### WORK ITEM
Reproduce the lines from the one holding "(eval_atom ov tv b)" to the end of the entries. Include both ends and change nothing.

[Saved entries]
text \<open>Along a derivation from \<open>D \<union> U\<close>, each rule application passes from a head predicate to
  body predicates of strictly smaller rank and, the rule being connected, moves the time point by
  at most the maximal radius \<open>a\<close>, unless the body time is a constant of the program. So if the
  derived fact \<open>P(\<tau>)\<close> lies within \<open>a \<cdot> (rank \<Pi> - rank P)\<close> of a point of \<open>T\<close>, then by induction
  every fact of its derivation lies within \<open>a \<cdot> rank \<Pi> \<le> a \<cdot> |\<Pi>| = rad \<Pi>\<close> of \<open>T\<close>. The facts of
  \<open>U\<close> used therefore have critical time points and belong to the bounded critical update.\<close>

inductive derivable :: "('p,'o) rule set \<Rightarrow> ('p,'o) fact set \<Rightarrow> ('p,'o) fact \<Rightarrow> bool"
  for \<Pi> S where
  base: "f \<in> S \<Longrightarrow> derivable \<Pi> S f"
| step: "r \<in> \<Pi> \<Longrightarrow> \<forall>b\<in>set (fst r). derivable \<Pi> S (eval_atom ov tv b)
          \<Longrightarrow> derivable \<Pi> S (eval_atom ov tv (snd r))"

### RESULT OF THIS EXERCISE
| step: "r \<in> \<Pi> \<Longrightarrow> \<forall>b\<in>set (fst r). derivable \<Pi> S (eval_atom ov tv b)
          \<Longrightarrow> derivable \<Pi> S (eval_atom ov tv (snd r))"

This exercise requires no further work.